Data Quality Management in Wikidata – Workshop write-up

Data growth is more visible than ever before and with this growth, trustworthiness of data is becoming a challenge. Wikidata is the central source of structured knowledge for many projects and is developed to be used by anyone anywhere in the world. Therefore, ensuring data quality is of utmost importance. A workshop brought together scholars and Wikidata community members to take a deeper look at the challenges ahead.

  • Lisa Dittmer
  • 7. März 2019

A guest article by Cristina Sarasua, Claudia Müller-Birn, and Mariam Farda-Sarbas

Despite the development of many methods and tools to improve different dimensions of quality in Wikidata, further efforts are needed to achieve high quality data. One effort in this regard was the workshop “Data Quality Management on Wikidata”, which was held on January 18th 2019 at Wikimedia Deutschland (Germany). It brought together scholars interested in and working on monitoring and improving data quality on Wikidata as well as members of the Wikidata community. The workshop began with a welcome note by two of the organizers of the workshop (Claudia Müller-Birn from Freie Universität Berlin and Cristina Sarasua from University of Zurich).

After that, the first keynote speaker, Amrapali Zaveri, gave a talk about “Open Data Quality: dimensions, metrics, assessment and improvement” (Slides).

Afterwards, the workshop participants introduced themselves in a round robin introduction session and formed three discussion groups. The participants in this workshop had come from different institutions and countries.

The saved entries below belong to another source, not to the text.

lemma sup_dist_const_zero: "S \<noteq> {} \<Longrightarrow> sup_dist S (\<lambda>_. a) (\<lambda>_. 0) = \<bar>a\<bar>"
  by (simp add: sup_dist_def)

lemma lip_on_const: "lip_on d S (\<lambda>_. a)"
  unfolding lip_on_def by (intro exI[of _ 0]) simp

lemma finite_family_uniform_delta:
  assumes "0 \<le> d" "finite K" "0 < \<eta>" and f: "lip_on d {a..b} f"
    and T_lip: "\<And>k g. k \<in> K \<Longrightarrow> lip_on d {a..b} g \<Longrightarrow> lip_on d {a..b} (T k g)"
    and T_cont: "\<And>k g e. k \<in> K \<Longrightarrow> lip_on d {a..b} g \<Longrightarrow> e > 0 \<Longrightarrow>
                   \<exists>\<delta>>0. \<forall>h. lip_on d {a..b} h \<and> sup_dist {a..b} g h < \<delta>
                         \<longrightarrow> sup_dist {a..b} (T k g) (T k h) < e"
  obtains \<delta> where "0 < \<delta>"
    and "\<And>h s. lip_on d {a..b} h \<Longrightarrow> sup_dist {a..b} f h < \<delta> \<Longrightarrow> s \<in> {a..b} \<Longrightarrow>
           \<bar>f s - h s\<bar> \<le> \<eta> \<and> (\<forall>k\<in>K. \<bar>T k f s - T k h s\<bar> \<le> \<eta>)"
proof -
  have "\<exists>\<delta>>0. \<forall>k\<in>K. \<forall>h. lip_on d {a..b} h \<and> sup_dist {a..b} f h < \<delta> \<longrightarrow>
      sup_dist {a..b} (T k f) (T k h) < \<eta>"
    using T_cont[OF _ f \<open>0 < \<eta>\<close>] by (intro finite_uniform_delta[OF \<open>finite K\<close>]) auto
  then obtain \<delta> where "0 < \<delta>" and \<delta>: "\<And>k h. k \<in> K \<Longrightarrow> lip_on d {a..b} h \<Longrightarrow>
      sup_dist {a..b} f h < \<delta> \<Longrightarrow> sup_dist {a..b} (T k f) (T k h) < \<eta>"
    by blast
  show ?thesis
  proof (rule that[of "min \<delta> \<eta>"])
    fix h s assume h: "lip_on d {a..b} h" and fh: "sup_dist {a..b} f h < min \<delta> \<eta>"
      and s: "s \<in> {a..b}"
    have "\<bar>T k f s - T k h s\<bar> \<le> \<eta>" if "k \<in> K" for k
      using lip_on_abs_le_sup_dist[OF T_lip T_lip \<open>0 \<le> d\<close> s] \<delta>[OF that h] that f h fh
      by fastforce
    moreover have "\<bar>f s - h s\<bar> \<le> \<eta>"
      using lip_on_abs_le_sup_dist[OF f h \<open>0 \<le> d\<close> s] fh by simp
    ultimately show "\<bar>f s - h s\<bar> \<le> \<eta> \<and> (\<forall>k\<in>K. \<bar>T k f s - T k h s\<bar> \<le> \<eta>)" by blast
  qed (use \<open>0 < \<delta>\<close> \<open>0 < \<eta>\<close> in simp)
qed

lemma operator_bound_nonneg:
  assumes "a \<le> b" "0 \<le> d"
    and T_lip: "\<And>g. lip_on d {a..b} g \<Longrightarrow> lip_on d {a..b} (T g)"
    and T_bound: "\<And>g. lip_on d {a..b} g \<Longrightarrow> (\<exists>t\<in>{a..b}. g t \<noteq> 0) \<Longrightarrow>
                     sup_dist {a..b} (T g) (\<lambda>_. 0) \<le> M * sup_dist {a..b} g (\<lambda>_. 0)"
  shows "0 \<le> M"
proof -
  have "0 \<le> sup_dist {a..b} (T (\<lambda>_. 1)) (\<lambda>_. 0)"
    using lip_on_abs_le_sup_dist[OF T_lip lip_on_const \<open>0 \<le> d\<close>] lip_on_const \<open>a \<le> b\<close>
    by (meson abs_ge_zero atLeastAtMost_iff order.trans order_refl)
  also have "\<dots> \<le> M"
    using T_bound[OF lip_on_const, of 1] sup_dist_const_zero[of "{a..b}" 1] \<open>a \<le> b\<close> by auto
  finally show ?thesis .
qed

Besides Germany, where the workshop was held, participants had come from Switzerland, the UK, the Netherlands, Belgium and the United States.

The workshop was designed as a discussion forum organized in three sprints: one to collectively identify the key data quality challenges in Wikidata, a second sprint to brainstorm solutions to address the identified challenges and a third sprint to discuss ways to prioritize the next activities.

The main challenges discussed within the groups were, amongst other things the velocity of Wikidata’s schema, the diverging meaning of items in various languages, subtitle vandalism, measuring completeness without introducing bias, extending references and sources.

Participants at work, CC BY-SA 4.0

The groups had identified and discussed further challenges of data quality in Wikidata, such as measurement of quality, need for more tools to identify and resolve quality issues, consistency of property usage, trustworthiness and accuracy of claims, and the lack of a global perspective in terms of making decisions locally.

During their second sprint, the groups started to focus on more specific topics and to discuss possible solutions. Some of the suggested solutions, for instance, are making data more trustworthy and accurate by checking sources/references of data through voting or a ranking system, getting more references by enforcing the use of references or through information extraction, overcoming the language challenge of Wikidata by motivating communities through a ranking system or introducing a record button to allow spoken languages, identifying items without statements based on categories in linked articles.

After each sprint, groups presented their ideas and shared them with all participants and answered their questions.

The groups then discussed their results and suggested to keep working on this topic after the workshop. Based on the discussions in the room, the participants founded the WikidataProject: DataQuality.

After the sprint sessions, the authors of accepted abstracts briefly presented their projects and ideas regarding their abstracts. The abstracts were focusing on data quality from different angles, such as an overview of data quality tools for Wikidata, OpenRefine and ProWD as new data quality tools, completeness, external identifiers, Wikidata schema language, bulk edits and bot edits.

The workshop was summarized by the second keynote speaker, Daniel Mietchen:

…And wrapped up with a group photo:

Please note: Since the workshop footage and all relevant materials were published in English, this blog post will also – as an exception – only be available in English.